━━ Extracted material ━━
(* For every $n\ge1$, the polynomial $T_{2n}(x)+T_{2n}(y)\in\mathbb{C}[x,y]$ is a product of exactly $n$ irreducible factors (each of which is not a constant).
   Context: $T_k$ denotes the Chebycheff polynomial of degree $k$, defined by $T_k(\cos\theta)=\cos(k\theta)$. *)

theory Defs
  imports Complex_Main "HOL-Computational_Algebra.Computational_Algebra"
begin

definition cheb :: "nat \<Rightarrow> complex poly" where
  "cheb k = (THE p. \<forall>t::real. poly p (complex_of_real (cos t)) = complex_of_real (cos (real k * t)))"

text \<open>Bivariate polynomials C[x,y] are represented as C[x][y] = complex poly poly
  (outer variable y, coefficients in C[x]).\<close>
definition polyX :: "complex poly \<Rightarrow> complex poly poly" where
  "polyX p = [:p:]"

definition polyY :: "complex poly \<Rightarrow> complex poly poly" where
  "polyY p = map_poly (\<lambda>c. [:c:]) p"

end

theory Submission
  imports Defs "HOL-Computational_Algebra.Field_as_Ring"
begin

text \<open>
  For x = cos a and y = cos b we have T_2n(x) + T_2n(y) = cos (2na) + cos (2nb), which vanishes
  for a = \<theta>_k + b and a = \<theta>_k - b, where \<theta>_k = (2k+1)\<pi>/(2n) and k < n. For small b > 0 these
  are 2n distinct roots of the degree 2n polynomial T_2n(x) + T_2n(cos b) in x, and the two
  roots belonging to \<theta>_k are the roots of x^2 - 2 cos \<theta>_k x y + y^2 - sin^2 \<theta>_k at y = cos b.
  As this holds for infinitely many y,
  T_2n(x) + T_2n(y) = 2^(2n-1) \<Prod>k<n. (x^2 - 2 cos \<theta>_k x y + y^2 - sin^2 \<theta>_k).
  Each factor is irreducible: it is monic of degree 2 in y, so a factorization would give a root
  y = r(x), and then g = r - x cos \<theta>_k satisfies g^2 = sin^2 \<theta>_k (1 - x^2), forcing the linear
  polynomial g to vanish at both 1 and -1. Unique factorization in C[x,y] then shows that every
  factorization into irreducibles has exactly n factors.
\<close>

lemma size_prime_factorization_irreducible:
  fixes p :: "'a::factorial_semiring"
  assumes "irreducible p"
  shows "size (prime_factorization p) = 1"
proof -
  have "prime (normalize p)"
    using assms by (simp flip: prime_elem_iff_irreducible)
  then have "prime_factorization (normalize p) = {#normalize p#}"
    by (rule prime_factorization_prime)
  then show ?thesis by simp
qed

lemma size_prime_factorization_prod_list:
  fixes fs :: "'a::factorial_semiring list"
  assumes "\<forall>f\<in>set fs. irreducible f"
  shows "size (prime_factorization (prod_list fs)) = length fs"
  using assms
proof (induction fs)
  case (Cons f fs)
  then have "f \<noteq> 0" "prod_list fs \<noteq> 0" by (auto simp: prod_list_zero_iff)
  with Cons show ?case
    by (simp add: prime_factorization_mult size_prime_factorization_irreducible)
qed simp

lemma length_irreducible_factorization_unique:
  fixes fs gs :: "'a::factorial_semiring list"
  assumes "\<forall>f\<in>set fs. irreducible f" "\<forall>g\<in>set gs. irreducible g"
    and "prod_list fs = prod_list gs"
  shows "length fs = length gs"
  using assms by (metis size_prime_factorization_prod_list)

lemma irreducible_factors_mult_unit:
  fixes u :: "'a::algebraic_semidom"
  assumes "is_unit u" "\<forall>f\<in>set fs. irreducible f" "fs \<noteq> []"
  obtains gs where "length gs = length fs" "\<forall>g\<in>set gs. irreducible g"
    "prod_list gs = u * prod_list fs"
proof -
  obtain f fs' where fs: "fs = f # fs'"
    using assms(3) by (cases fs) auto
  show thesis
    by (rule that[of "(u * f) # fs'"]) (use assms fs in \<open>auto simp: irreducible_mult_unit_left mult.assoc\<close>)
qed

lemma poly_eq_0_if_infinite_zeros:
  fixes p :: "'a::idom poly"
  assumes "infinite S" "\<And>x. x \<in> S \<Longrightarrow> poly p x = 0"
  shows "p = 0"
proof (rule ccontr)
  assume "p \<noteq> 0"
  then have "finite {x. poly p x = 0}"
    by (rule poly_roots_finite)
  moreover have "S \<subseteq> {x. poly p x = 0}"
    using assms(2) by blast
  ultimately show False
    using assms(1) finite_subset by blast
qed

lemma irreducible_monic_quadratic:
  fixes q :: "'a::idom_divide poly"
  assumes deg: "degree q = 2" and monic: "lead_coeff q = 1" and no_root: "\<And>r. poly q r \<noteq> 0"
  shows "irreducible q"
proof (rule irreducibleI)
  show "q \<noteq> 0" "\<not> is_unit q"
    using deg by (auto simp: is_unit_poly_iff)
  fix a b assume ab: "q = a * b"
  then have "a \<noteq> 0" "b \<noteq> 0"
    using deg by auto
  then have deg_ab: "degree a + degree b = 2"
    using ab deg by (simp add: degree_mult_eq)
  have lc_ab: "lead_coeff a * lead_coeff b = 1"
    using monic unfolding ab lead_coeff_mult .
  have unit_if_const: "is_unit p" if "degree p = 0" "lead_coeff p dvd 1" for p :: "'a poly"
    using that by (auto elim!: degree_eq_zeroE simp: is_unit_const_poly_iff)
  show "is_unit a \<or> is_unit b"
  proof (rule ccontr)
    assume "\<not> (is_unit a \<or> is_unit b)"
    then have "degree a \<noteq> 0" "degree b \<noteq> 0"
      using unit_if_const lc_ab by (metis dvd_triv_left dvd_triv_right)+
    with deg_ab have "degree a = 1" by simp
    then obtain a0 a1 where a: "a = [:a0, a1:]" "a1 \<noteq> 0"
      by (rule degree1_coeffs)
    then have "a1 * lead_coeff b = 1"
      using lc_ab by simp
    moreover have "poly a (- a0 * lead_coeff b) = a0 - a0 * (a1 * lead_coeff b)"
      by (simp add: a algebra_simps)
    ultimately have "poly a (- a0 * lead_coeff b) = 0"
      by simp
    then show False
      using no_root ab by simp
  qed
qed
━━━
### Exercise directions
Each line of the records must be reproduced exactly.

### Answer to the exercise
(* For every $n\ge1$, the polynomial $T_{2n}(x)+T_{2n}(y)\in\mathbb{C}[x,y]$ is a product of exactly $n$ irreducible factors (each of which is not a constant).
   Context: $T_k$ denotes the Chebycheff polynomial of degree $k$, defined by $T_k(\cos\theta)=\cos(k\theta)$. *)

theory Defs
  imports Complex_Main "HOL-Computational_Algebra.Computational_Algebra"
begin

definition cheb :: "nat \<Rightarrow> complex poly" where
  "cheb k = (THE p. \<forall>t::real. poly p (complex_of_real (cos t)) = complex_of_real (cos (real k * t)))"

text \<open>Bivariate polynomials C[x,y] are represented as C[x][y] = complex poly poly
  (outer variable y, coefficients in C[x]).\<close>
definition polyX :: "complex poly \<Rightarrow> complex poly poly" where
  "polyX p = [:p:]"

definition polyY :: "complex poly \<Rightarrow> complex poly poly" where
  "polyY p = map_poly (\<lambda>c. [:c:]) p"

end

theory Submission
  imports Defs "HOL-Computational_Algebra.Field_as_Ring"
begin

text \<open>
  For x = cos a and y = cos b we have T_2n(x) + T_2n(y) = cos (2na) + cos (2nb), which vanishes
  for a = \<theta>_k + b and a = \<theta>_k - b, where \<theta>_k = (2k+1)\<pi>/(2n) and k < n. For small b > 0 these
  are 2n distinct roots of the degree 2n polynomial T_2n(x) + T_2n(cos b) in x, and the two
  roots belonging to \<theta>_k are the roots of x^2 - 2 cos \<theta>_k x y + y^2 - sin^2 \<theta>_k at y = cos b.
  As this holds for infinitely many y,
  T_2n(x) + T_2n(y) = 2^(2n-1) \<Prod>k<n. (x^2 - 2 cos \<theta>_k x y + y^2 - sin^2 \<theta>_k).
  Each factor is irreducible: it is monic of degree 2 in y, so a factorization would give a root
  y = r(x), and then g = r - x cos \<theta>_k satisfies g^2 = sin^2 \<theta>_k (1 - x^2), forcing the linear
  polynomial g to vanish at both 1 and -1. Unique factorization in C[x,y] then shows that every
  factorization into irreducibles has exactly n factors.
\<close>

lemma size_prime_factorization_irreducible:
  fixes p :: "'a::factorial_semiring"
  assumes "irreducible p"
  shows "size (prime_factorization p) = 1"
proof -
  have "prime (normalize p)"
    using assms by (simp flip: prime_elem_iff_irreducible)
  then have "prime_factorization (normalize p) = {#normalize p#}"
    by (rule prime_factorization_prime)
  then show ?thesis by simp
qed

lemma size_prime_factorization_prod_list:
  fixes fs :: "'a::factorial_semiring list"
  assumes "\<forall>f\<in>set fs. irreducible f"
  shows "size (prime_factorization (prod_list fs)) = length fs"
  using assms
proof (induction fs)
  case (Cons f fs)
  then have "f \<noteq> 0" "prod_list fs \<noteq> 0" by (auto simp: prod_list_zero_iff)
  with Cons show ?case
    by (simp add: prime_factorization_mult size_prime_factorization_irreducible)
qed simp

lemma length_irreducible_factorization_unique:
  fixes fs gs :: "'a::factorial_semiring list"
  assumes "\<forall>f\<in>set fs. irreducible f" "\<forall>g\<in>set gs. irreducible g"
    and "prod_list fs = prod_list gs"
  shows "length fs = length gs"
  using assms by (metis size_prime_factorization_prod_list)

lemma irreducible_factors_mult_unit:
  fixes u :: "'a::algebraic_semidom"
  assumes "is_unit u" "\<forall>f\<in>set fs. irreducible f" "fs \<noteq> []"
  obtains gs where "length gs = length fs" "\<forall>g\<in>set gs. irreducible g"
    "prod_list gs = u * prod_list fs"
proof -
  obtain f fs' where fs: "fs = f # fs'"
    using assms(3) by (cases fs) auto
  show thesis
    by (rule that[of "(u * f) # fs'"]) (use assms fs in \<open>auto simp: irreducible_mult_unit_left mult.assoc\<close>)
qed

lemma poly_eq_0_if_infinite_zeros:
  fixes p :: "'a::idom poly"
  assumes "infinite S" "\<And>x. x \<in> S \<Longrightarrow> poly p x = 0"
  shows "p = 0"
proof (rule ccontr)
  assume "p \<noteq> 0"
  then have "finite {x. poly p x = 0}"
    by (rule poly_roots_finite)
  moreover have "S \<subseteq> {x. poly p x = 0}"
    using assms(2) by blast
  ultimately show False
    using assms(1) finite_subset by blast
qed

lemma irreducible_monic_quadratic:
  fixes q :: "'a::idom_divide poly"
  assumes deg: "degree q = 2" and monic: "lead_coeff q = 1" and no_root: "\<And>r. poly q r \<noteq> 0"
  shows "irreducible q"
proof (rule irreducibleI)
  show "q \<noteq> 0" "\<not> is_unit q"
    using deg by (auto simp: is_unit_poly_iff)
  fix a b assume ab: "q = a * b"
  then have "a \<noteq> 0" "b \<noteq> 0"
    using deg by auto
  then have deg_ab: "degree a + degree b = 2"
    using ab deg by (simp add: degree_mult_eq)
  have lc_ab: "lead_coeff a * lead_coeff b = 1"
    using monic unfolding ab lead_coeff_mult .
  have unit_if_const: "is_unit p" if "degree p = 0" "lead_coeff p dvd 1" for p :: "'a poly"
    using that by (auto elim!: degree_eq_zeroE simp: is_unit_const_poly_iff)
  show "is_unit a \<or> is_unit b"
  proof (rule ccontr)
    assume "\<not> (is_unit a \<or> is_unit b)"
    then have "degree a \<noteq> 0" "degree b \<noteq> 0"
      using unit_if_const lc_ab by (metis dvd_triv_left dvd_triv_right)+
    with deg_ab have "degree a = 1" by simp
    then obtain a0 a1 where a: "a = [:a0, a1:]" "a1 \<noteq> 0"
      by (rule degree1_coeffs)
    then have "a1 * lead_coeff b = 1"
      using lc_ab by simp
    moreover have "poly a (- a0 * lead_coeff b) = a0 - a0 * (a1 * lead_coeff b)"
      by (simp add: a algebra_simps)
    ultimately have "poly a (- a0 * lead_coeff b) = 0"
      by simp
    then show False
      using no_root ab by simp
  qed
qed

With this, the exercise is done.